- **Your objective**: The expected reply is all of the data, returned exactly.
-- Given data follows --
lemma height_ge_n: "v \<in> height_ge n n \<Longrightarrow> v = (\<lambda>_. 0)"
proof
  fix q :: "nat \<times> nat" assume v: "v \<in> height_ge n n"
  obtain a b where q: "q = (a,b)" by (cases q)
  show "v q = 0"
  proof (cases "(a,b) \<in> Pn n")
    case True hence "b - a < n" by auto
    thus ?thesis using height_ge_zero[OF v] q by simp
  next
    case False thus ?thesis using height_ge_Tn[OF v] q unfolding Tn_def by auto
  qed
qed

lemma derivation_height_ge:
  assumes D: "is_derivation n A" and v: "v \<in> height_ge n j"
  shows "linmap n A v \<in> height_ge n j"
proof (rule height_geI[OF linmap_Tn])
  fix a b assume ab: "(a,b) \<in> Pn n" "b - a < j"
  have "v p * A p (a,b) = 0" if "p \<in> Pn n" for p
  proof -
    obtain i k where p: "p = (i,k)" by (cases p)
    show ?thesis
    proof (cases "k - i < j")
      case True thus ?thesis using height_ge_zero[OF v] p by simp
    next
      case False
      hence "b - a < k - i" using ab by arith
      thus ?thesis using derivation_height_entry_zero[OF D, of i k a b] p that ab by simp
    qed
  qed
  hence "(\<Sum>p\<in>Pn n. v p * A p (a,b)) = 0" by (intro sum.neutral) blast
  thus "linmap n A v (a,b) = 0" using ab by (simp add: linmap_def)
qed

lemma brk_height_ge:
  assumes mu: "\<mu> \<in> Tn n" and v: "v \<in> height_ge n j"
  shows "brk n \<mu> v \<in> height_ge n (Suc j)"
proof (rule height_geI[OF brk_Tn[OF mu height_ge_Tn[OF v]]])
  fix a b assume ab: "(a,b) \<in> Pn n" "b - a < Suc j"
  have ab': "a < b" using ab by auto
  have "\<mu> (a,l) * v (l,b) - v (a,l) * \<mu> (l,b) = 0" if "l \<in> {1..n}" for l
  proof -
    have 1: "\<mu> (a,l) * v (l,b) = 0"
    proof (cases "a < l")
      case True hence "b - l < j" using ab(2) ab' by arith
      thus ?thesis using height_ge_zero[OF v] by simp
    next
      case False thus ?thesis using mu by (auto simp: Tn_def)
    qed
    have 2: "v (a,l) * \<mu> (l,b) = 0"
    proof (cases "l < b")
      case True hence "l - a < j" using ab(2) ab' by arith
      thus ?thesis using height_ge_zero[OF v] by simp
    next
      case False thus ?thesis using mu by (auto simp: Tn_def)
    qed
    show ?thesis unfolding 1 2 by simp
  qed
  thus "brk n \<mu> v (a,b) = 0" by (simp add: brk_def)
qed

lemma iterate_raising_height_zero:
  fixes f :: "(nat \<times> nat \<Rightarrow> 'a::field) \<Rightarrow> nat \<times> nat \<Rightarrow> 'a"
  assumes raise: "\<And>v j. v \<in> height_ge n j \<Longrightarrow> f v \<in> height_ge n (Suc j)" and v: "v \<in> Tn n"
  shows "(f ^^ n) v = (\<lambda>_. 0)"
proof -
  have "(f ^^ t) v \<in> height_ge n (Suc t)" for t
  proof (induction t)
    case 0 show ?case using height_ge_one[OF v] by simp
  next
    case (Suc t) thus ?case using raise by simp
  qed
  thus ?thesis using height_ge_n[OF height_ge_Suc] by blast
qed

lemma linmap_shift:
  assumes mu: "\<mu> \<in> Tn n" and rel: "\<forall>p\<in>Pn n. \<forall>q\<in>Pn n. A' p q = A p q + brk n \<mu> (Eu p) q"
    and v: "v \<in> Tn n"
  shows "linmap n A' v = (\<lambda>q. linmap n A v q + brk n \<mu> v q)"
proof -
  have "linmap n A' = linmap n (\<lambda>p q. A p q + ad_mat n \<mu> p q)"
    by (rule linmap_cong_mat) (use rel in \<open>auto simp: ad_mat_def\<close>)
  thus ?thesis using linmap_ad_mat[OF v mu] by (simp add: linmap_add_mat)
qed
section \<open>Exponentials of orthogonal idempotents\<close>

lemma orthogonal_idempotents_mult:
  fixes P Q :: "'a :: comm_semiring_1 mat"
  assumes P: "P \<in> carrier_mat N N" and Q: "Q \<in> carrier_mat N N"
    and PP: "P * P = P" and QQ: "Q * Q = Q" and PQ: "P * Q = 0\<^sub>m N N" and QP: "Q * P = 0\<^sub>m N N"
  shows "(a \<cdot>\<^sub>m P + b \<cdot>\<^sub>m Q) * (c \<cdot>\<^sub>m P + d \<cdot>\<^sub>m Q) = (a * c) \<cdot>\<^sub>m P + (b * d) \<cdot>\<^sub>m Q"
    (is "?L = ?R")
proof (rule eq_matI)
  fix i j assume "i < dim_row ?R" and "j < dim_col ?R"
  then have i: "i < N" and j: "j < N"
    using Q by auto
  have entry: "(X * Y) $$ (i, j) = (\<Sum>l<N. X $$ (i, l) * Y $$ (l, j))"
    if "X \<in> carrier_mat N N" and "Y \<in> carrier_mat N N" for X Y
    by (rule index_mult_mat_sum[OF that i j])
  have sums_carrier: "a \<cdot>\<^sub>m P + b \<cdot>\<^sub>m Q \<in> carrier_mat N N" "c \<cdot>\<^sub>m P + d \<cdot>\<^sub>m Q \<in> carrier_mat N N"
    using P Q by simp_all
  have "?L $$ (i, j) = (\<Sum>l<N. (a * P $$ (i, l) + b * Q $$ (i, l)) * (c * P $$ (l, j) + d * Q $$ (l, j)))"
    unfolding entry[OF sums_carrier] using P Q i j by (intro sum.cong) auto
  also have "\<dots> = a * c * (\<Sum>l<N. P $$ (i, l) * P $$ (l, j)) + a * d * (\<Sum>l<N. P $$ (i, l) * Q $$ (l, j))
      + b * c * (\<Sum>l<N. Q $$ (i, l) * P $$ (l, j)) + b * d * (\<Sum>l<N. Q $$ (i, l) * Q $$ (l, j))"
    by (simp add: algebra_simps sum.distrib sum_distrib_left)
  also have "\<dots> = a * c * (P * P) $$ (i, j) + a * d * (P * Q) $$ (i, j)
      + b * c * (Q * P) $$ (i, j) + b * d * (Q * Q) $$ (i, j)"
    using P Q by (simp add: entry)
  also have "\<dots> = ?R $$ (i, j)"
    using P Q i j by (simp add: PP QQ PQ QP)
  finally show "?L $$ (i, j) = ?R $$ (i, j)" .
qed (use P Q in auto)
-- Given data concluded --
- **Answer box**:
lemma height_ge_n: "v \<in> height_ge n n \<Longrightarrow> v = (\<lambda>_. 0)"
proof
  fix q :: "nat \<times> nat" assume v: "v \<in> height_ge n n"
  obtain a b where q: "q = (a,b)" by (cases q)
  show "v q = 0"
  proof (cases "(a,b) \<in> Pn n")
    case True hence "b - a < n" by auto
    thus ?thesis using height_ge_zero[OF v] q by simp
  next
    case False thus ?thesis using height_ge_Tn[OF v] q unfolding Tn_def by auto
  qed
qed

lemma derivation_height_ge:
  assumes D: "is_derivation n A" and v: "v \<in> height_ge n j"
  shows "linmap n A v \<in> height_ge n j"
proof (rule height_geI[OF linmap_Tn])
  fix a b assume ab: "(a,b) \<in> Pn n" "b - a < j"
  have "v p * A p (a,b) = 0" if "p \<in> Pn n" for p
  proof -
    obtain i k where p: "p = (i,k)" by (cases p)
    show ?thesis
    proof (cases "k - i < j")
      case True thus ?thesis using height_ge_zero[OF v] p by simp
    next
      case False
      hence "b - a < k - i" using ab by arith
      thus ?thesis using derivation_height_entry_zero[OF D, of i k a b] p that ab by simp
    qed
  qed
  hence "(\<Sum>p\<in>Pn n. v p * A p (a,b)) = 0" by (intro sum.neutral) blast
  thus "linmap n A v (a,b) = 0" using ab by (simp add: linmap_def)
qed

lemma brk_height_ge:
  assumes mu: "\<mu> \<in> Tn n" and v: "v \<in> height_ge n j"
  shows "brk n \<mu> v \<in> height_ge n (Suc j)"
proof (rule height_geI[OF brk_Tn[OF mu height_ge_Tn[OF v]]])
  fix a b assume ab: "(a,b) \<in> Pn n" "b - a < Suc j"
  have ab': "a < b" using ab by auto
  have "\<mu> (a,l) * v (l,b) - v (a,l) * \<mu> (l,b) = 0" if "l \<in> {1..n}" for l
  proof -
    have 1: "\<mu> (a,l) * v (l,b) = 0"
    proof (cases "a < l")
      case True hence "b - l < j" using ab(2) ab' by arith
      thus ?thesis using height_ge_zero[OF v] by simp
    next
      case False thus ?thesis using mu by (auto simp: Tn_def)
    qed
    have 2: "v (a,l) * \<mu> (l,b) = 0"
    proof (cases "l < b")
      case True hence "l - a < j" using ab(2) ab' by arith
      thus ?thesis using height_ge_zero[OF v] by simp
    next
      case False thus ?thesis using mu by (auto simp: Tn_def)
    qed
    show ?thesis unfolding 1 2 by simp
  qed
  thus "brk n \<mu> v (a,b) = 0" by (simp add: brk_def)
qed

lemma iterate_raising_height_zero:
  fixes f :: "(nat \<times> nat \<Rightarrow> 'a::field) \<Rightarrow> nat \<times> nat \<Rightarrow> 'a"
  assumes raise: "\<And>v j. v \<in> height_ge n j \<Longrightarrow> f v \<in> height_ge n (Suc j)" and v: "v \<in> Tn n"
  shows "(f ^^ n) v = (\<lambda>_. 0)"
proof -
  have "(f ^^ t) v \<in> height_ge n (Suc t)" for t
  proof (induction t)
    case 0 show ?case using height_ge_one[OF v] by simp
  next
    case (Suc t) thus ?case using raise by simp
  qed
  thus ?thesis using height_ge_n[OF height_ge_Suc] by blast
qed

lemma linmap_shift:
  assumes mu: "\<mu> \<in> Tn n" and rel: "\<forall>p\<in>Pn n. \<forall>q\<in>Pn n. A' p q = A p q + brk n \<mu> (Eu p) q"
    and v: "v \<in> Tn n"
  shows "linmap n A' v = (\<lambda>q. linmap n A v q + brk n \<mu> v q)"
proof -
  have "linmap n A' = linmap n (\<lambda>p q. A p q + ad_mat n \<mu> p q)"
    by (rule linmap_cong_mat) (use rel in \<open>auto simp: ad_mat_def\<close>)
  thus ?thesis using linmap_ad_mat[OF v mu] by (simp add: linmap_add_mat)
qed
section \<open>Exponentials of orthogonal idempotents\<close>

lemma orthogonal_idempotents_mult:
  fixes P Q :: "'a :: comm_semiring_1 mat"
  assumes P: "P \<in> carrier_mat N N" and Q: "Q \<in> carrier_mat N N"
    and PP: "P * P = P" and QQ: "Q * Q = Q" and PQ: "P * Q = 0\<^sub>m N N" and QP: "Q * P = 0\<^sub>m N N"
  shows "(a \<cdot>\<^sub>m P + b \<cdot>\<^sub>m Q) * (c \<cdot>\<^sub>m P + d \<cdot>\<^sub>m Q) = (a * c) \<cdot>\<^sub>m P + (b * d) \<cdot>\<^sub>m Q"
    (is "?L = ?R")
proof (rule eq_matI)
  fix i j assume "i < dim_row ?R" and "j < dim_col ?R"
  then have i: "i < N" and j: "j < N"
    using Q by auto
  have entry: "(X * Y) $$ (i, j) = (\<Sum>l<N. X $$ (i, l) * Y $$ (l, j))"
    if "X \<in> carrier_mat N N" and "Y \<in> carrier_mat N N" for X Y
    by (rule index_mult_mat_sum[OF that i j])
  have sums_carrier: "a \<cdot>\<^sub>m P + b \<cdot>\<^sub>m Q \<in> carrier_mat N N" "c \<cdot>\<^sub>m P + d \<cdot>\<^sub>m Q \<in> carrier_mat N N"
    using P Q by simp_all
  have "?L $$ (i, j) = (\<Sum>l<N. (a * P $$ (i, l) + b * Q $$ (i, l)) * (c * P $$ (l, j) + d * Q $$ (l, j)))"
    unfolding entry[OF sums_carrier] using P Q i j by (intro sum.cong) auto
  also have "\<dots> = a * c * (\<Sum>l<N. P $$ (i, l) * P $$ (l, j)) + a * d * (\<Sum>l<N. P $$ (i, l) * Q $$ (l, j))
      + b * c * (\<Sum>l<N. Q $$ (i, l) * P $$ (l, j)) + b * d * (\<Sum>l<N. Q $$ (i, l) * Q $$ (l, j))"
    by (simp add: algebra_simps sum.distrib sum_distrib_left)
  also have "\<dots> = a * c * (P * P) $$ (i, j) + a * d * (P * Q) $$ (i, j)
      + b * c * (Q * P) $$ (i, j) + b * d * (Q * Q) $$ (i, j)"
    using P Q by (simp add: entry)
  also have "\<dots> = ?R $$ (i, j)"
    using P Q i j by (simp add: PP QQ PQ QP)
  finally show "?L $$ (i, j) = ?R $$ (i, j)" .
qed (use P Q in auto)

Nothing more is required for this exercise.